With the joint like this where fluids are at high pressure & high temperature, refining you know is not only dirty but also corrosive and so the internals are made of stainless steel that has high coefficient of expansion. The channel barrel is made of stainless steel lined low alloy steel material that has lower coefficient of expansion. The reason for not using stainless steel as a base metal is firstly because stainless steel is expensive in comparison and the wall thickness required would be much higher, as the allowable stresses go down drastically with increase in temperature in this case. We therefore are left with different metallurgies as regards the internals (non-pressure part). The pressure part is the channel barrel.

So what happens in the service?

As the temperature increases the SS internals due to higher coefficient of expansion exert a higher load on the gasket that has only been tested at ambient temperature during the hydro testing. These are Spiral wound gaskets, the steel strips wound with a layer of graphite between the strips. This gasket (as specified by the consultant) is bound to get crushed under this extra load.  This has never been predicted by the consultant.
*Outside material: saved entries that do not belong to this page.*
lemma binary_base_spanned:
  assumes B: "binary_base n m A B" and b: "b \<in> B"
  shows "bspans n {col n U l | l. l < k} b"
proof -
  obtain f where f: "bij_betw f {..<k} B"
    using B ex_bij_betw_nat_finite[of B] binary_base_card[OF B]
    unfolding binary_base_def lessThan_atLeast0 by blast
  obtain Z where WZ: "is_bdecomp n m A k (\<lambda>i p. f p ! i) Z"
    using bdecomp_of_spanning_set[where n = n and m = m and A = A, OF _ _ f] B
    unfolding binary_base_def by blast
  obtain p where p: "p < k" "b = f p" using f b unfolding bij_betw_def by auto
  show ?thesis
  proof (rule bspans_if_determined_by_base_rows)
    show "binvec n b" using B b unfolding binary_base_def by blast
    show "\<forall>i<n. b ! i = (\<Sum>l<k. U i l * b ! (r l))"
      using left_factor_through_base_rows[OF WZ] p by simp
  qed
qed

lemma rank_preserving_column_determined_by_base_rows:
  assumes x: "binvec n x" and rank: "brank n (m + 1) (append_cols m A [x]) = k" and i: "i < n"
  shows "x ! i = (\<Sum>l<k. U i l * x ! (r l))"
proof -
  let ?M = "append_cols m A [x]"
  have "binmat n (m + 1) ?M" using binmat_append_cols[OF binary, of "[x]"] x by simp
  then obtain W Z where "is_bdecomp n (m + 1) ?M k W Z" using binmat_brank_attained rank by metis
  then have "?M i m = (\<Sum>l<k. U i l * ?M (r l) m)"
    by (rule extension_determined_by_base_rows) (use i in \<open>auto simp: append_cols_def\<close>)
  then show ?thesis by (simp add: append_cols_def)
qed

lemma augmentation: "augmentation_property n m A"
  unfolding augmentation_property_def
proof (intro allI impI)
  fix xs assume "(\<forall>x\<in>set xs. binvec n x) \<and>
    (\<forall>x\<in>set xs. brank n (m + 1) (append_cols m A [x]) = brank n m A)"
  then have vecs: "\<forall>x\<in>set xs. binvec n x"
    and ranks: "\<forall>x\<in>set xs. brank n (m + 1) (append_cols m A [x]) = k"
    using k_eq_brank by auto
  let ?M = "append_cols m A xs"
  have M: "binmat n (m + length xs) ?M" using binmat_append_cols[OF binary vecs] .
  have "is_bdecomp n (m + length xs) ?M k U (\<lambda>l j. ?M (r l) j)"
    unfolding is_bdecomp_def
  proof (intro conjI allI impI)
    show "binmat n k U" using UV_bdecomp unfolding is_bdecomp_def by blast
    show "binmat k (m + length xs) (\<lambda>l j. ?M (r l) j)"
      using M base_row unfolding binmat_def by blast
    fix i j assume i: "i < n" and j: "j < m + length xs"
    show "?M i j = (\<Sum>l<k. U i l * ?M (r l) j)"
    proof (cases "j < m")
      case True
      have "A i j = (\<Sum>l<k. U i l * V l j)" using UV_bdecomp i True unfolding is_bdecomp_def by blast
      also have "\<dots> = (\<Sum>l<k. U i l * A (r l) j)" using V_base_row True by simp
      finally show ?thesis using True by (simp add: append_cols_def)
    next
      case False
      then have "xs ! (j - m) \<in> set xs" using j by simp
      then show ?thesis
        using rank_preserving_column_determined_by_base_rows vecs ranks i False by (simp add: append_cols_def)
    qed
  qed
  then have "brank n (m + length xs) ?M \<le> k" by (rule brank_le)
  moreover have "k \<le> brank n (m + length xs) ?M"
    using brank_mono_cols[OF M] k_eq_brank by (simp add: append_cols_def)
  ultimately show "brank n (m + length xs) ?M = brank n m A" using k_eq_brank by simp
qed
We’ve have on several occasions in both CPCL and BPCL proved this and changed the gasket to Kamprofile with 100% results. Having said that, we need to understand that Kamprofile does not have the flexibility of Spiral Wound that is user friendly. Spiral Wound is also much more resilient and thereby absorbs/adopts well with uneven tightening.  Kamprofile on the other hand is quite rigid and although it will not crush as the Spiral Wound, it needs utmost care in tightening.  We have therefore worked out a procedure that gives us a uniform loading of the gasket where we are able to control not the torque but the axial load on the gasket. We can now say with confidence that for Screw Plugs in corrosive service the answer lies in selecting the right gasket for the shell and tube-sheet joint  and in compressing it with uniform load.

Now we come to the threaded plug and why it often gets jammed and so the very purpose of choosing Screw Plugs over conventional for trouble free maintenance is defeated.
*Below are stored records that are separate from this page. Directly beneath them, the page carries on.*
(*
  In a Hardy field the logarithmic derivative t h'(t) / h(t) of an eventually nonzero h has a
  limit in [-oo, oo], so either |h| = t^(b + o(1)) for a real b, the power order of h, or h grows
  or decays faster than every power of t.  Under the hypotheses f has a power order a > 0, and
  every differentiation lowers the power order by exactly one: for a nonzero order b because
  t h'/h tends to b; for order 0 because otherwise h' would decay faster than 1/t, so h would
  converge to a nonzero constant, which l'Hopital's rule turns into f ~ c t^j, contradicting
  t^d < f < t^(d+1).  Hence |f^(k)|^(-1/k) has power order 1 - a/k, and whether t^c lies in
  S(f,k) is decided by comparing c with 1 - a/k and 1 - a/(k+1).  In the boundary case
  c = 1 - a/(k+1) the quotient of t^c by |f^(k+1)|^(-1/(k+1)) lies in the Hardy field and so has
  a limit, which puts t^c into S(f,k) or S(f,k+1).
*)

section \<open>Hardy fields\<close>

lemma eventually_pos_or_neg_if_continuous_nonzero:
  fixes f :: "real \<Rightarrow> real"
  assumes "eventually (\<lambda>x. isCont f x \<and> f x \<noteq> 0) at_top"
  shows "eventually (\<lambda>x. f x > 0) at_top \<or> eventually (\<lambda>x. f x < 0) at_top"
proof -
  obtain T where T: "\<And>x. x \<ge> T \<Longrightarrow> isCont f x \<and> f x \<noteq> 0"
    using assms by (auto simp: eventually_at_top_linorder)
  have same_sign: "f x > 0 \<longleftrightarrow> f T > 0" if "x \<ge> T" for x
  proof (rule ccontr)
    assume "(f x > 0) \<noteq> (f T > 0)"
    then have "f x \<le> 0 \<and> 0 \<le> f T \<or> f T \<le> 0 \<and> 0 \<le> f x" by auto
    then have "\<exists>z. T \<le> z \<and> z \<le> x \<and> f z = 0"
      using IVT[of f T 0 x] IVT2[of f x 0 T] T that by auto
    with T show False by force
  qed
  show ?thesis
  proof (cases "f T > 0")
    case True
    then show ?thesis using same_sign unfolding eventually_at_top_linorder by blast
  next
    case False
    have "f x < 0" if "x \<ge> T" for x
      using same_sign[OF that] T[OF that] False by (auto simp: less_le)
    then show ?thesis unfolding eventually_at_top_linorder by blast
  qed
qed

lemma tendsto_or_filterlim_at_top_if_mono:
  fixes h :: "real \<Rightarrow> real"
  assumes mono: "\<And>x y. T \<le> x \<Longrightarrow> x \<le> y \<Longrightarrow> h x \<le> h y"
  shows "(\<exists>L. (h \<longlongrightarrow> L) at_top) \<or> filterlim h at_top at_top"
proof (cases "bdd_above (h ` {T..})")
  case True
  have "(h \<longlongrightarrow> Sup (h ` {T..})) at_top"
  proof (rule order_tendstoI)
    fix a assume "a < Sup (h ` {T..})"
    then obtain x0 where x0: "x0 \<ge> T" "a < h x0" using less_cSup_iff[OF _ True] by auto
    have "a < h x" if "x \<ge> x0" for x
      using mono[OF x0(1) that] x0(2) by linarith
    then show "eventually (\<lambda>x. a < h x) at_top"
      unfolding eventually_at_top_linorder by blast
  next
    fix a assume "Sup (h ` {T..}) < a"
    moreover have "h x \<le> Sup (h ` {T..})" if "x \<ge> T" for x
      using True that by (auto intro: cSup_upper)
    ultimately show "eventually (\<lambda>x. h x < a) at_top"
      unfolding eventually_at_top_linorder by force
  qed
  then show ?thesis by blast
next
  case False
  have "eventually (\<lambda>x. Z \<le> h x) at_top" for Z
  proof -
    obtain x0 where x0: "x0 \<ge> T" "h x0 > Z" using False by (auto simp: bdd_above_def not_le)
    have "Z \<le> h x" if "x \<ge> x0" for x
      using mono[OF x0(1) that] x0(2) by linarith
    then show ?thesis unfolding eventually_at_top_linorder by blast
  qed
  then show ?thesis unfolding filterlim_at_top by blast
qed

lemma tendsto_or_filterlim_at_top_if_deriv_nonneg:
  fixes f f' :: "real \<Rightarrow> real"
  assumes "eventually (\<lambda>x. (f has_real_derivative f' x) (at x) \<and> f' x \<ge> 0) at_top"
  shows "(\<exists>L. (f \<longlongrightarrow> L) at_top) \<or> filterlim f at_top at_top"
proof -
  obtain T where T: "\<And>x. x \<ge> T \<Longrightarrow> (f has_real_derivative f' x) (at x) \<and> f' x \<ge> 0"
    using assms by (auto simp: eventually_at_top_linorder)
  have "f x \<le> f y" if "T \<le> x" "x \<le> y" for x y
  proof (rule DERIV_nonneg_imp_nondecreasing[OF that(2)])
    fix z assume "x \<le> z" "z \<le> y"
    then show "\<exists>d. (f has_real_derivative d) (at z) \<and> d \<ge> 0" using T[of z] that(1) by auto
  qed
  then show ?thesis by (rule tendsto_or_filterlim_at_top_if_mono)
qed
The threaded area in a channel barrel gets bell-mouth due to inadequate wall thickness in that area when designed as per the code. This of course has no reference to the accident in Japan which expelled the whole channel internals leading to a lot of chaos. We have come a long way since then and such an event is not possible anymore because we have got threads which are much more overlapping as we now have one TPI and not three to four TPI as was the earlier trend.  The problem now is of another nature where the plug gets jammed because of the bell-mouthing of the channel barrel in the threaded area. The thickness after the threading is not adequate to withstand the bell-mouthing.

We have more than 40 years of experience in threaded enclosures besides the Screw Plugs and we have established correlations to work out thickness of the channel barrel wall in the threaded area as a safeguard against bell-mouthing. In simple words the ratio of wall thickness to the size of the standard nut, is not possible without providing added steel on the channel barrel in the threaded area.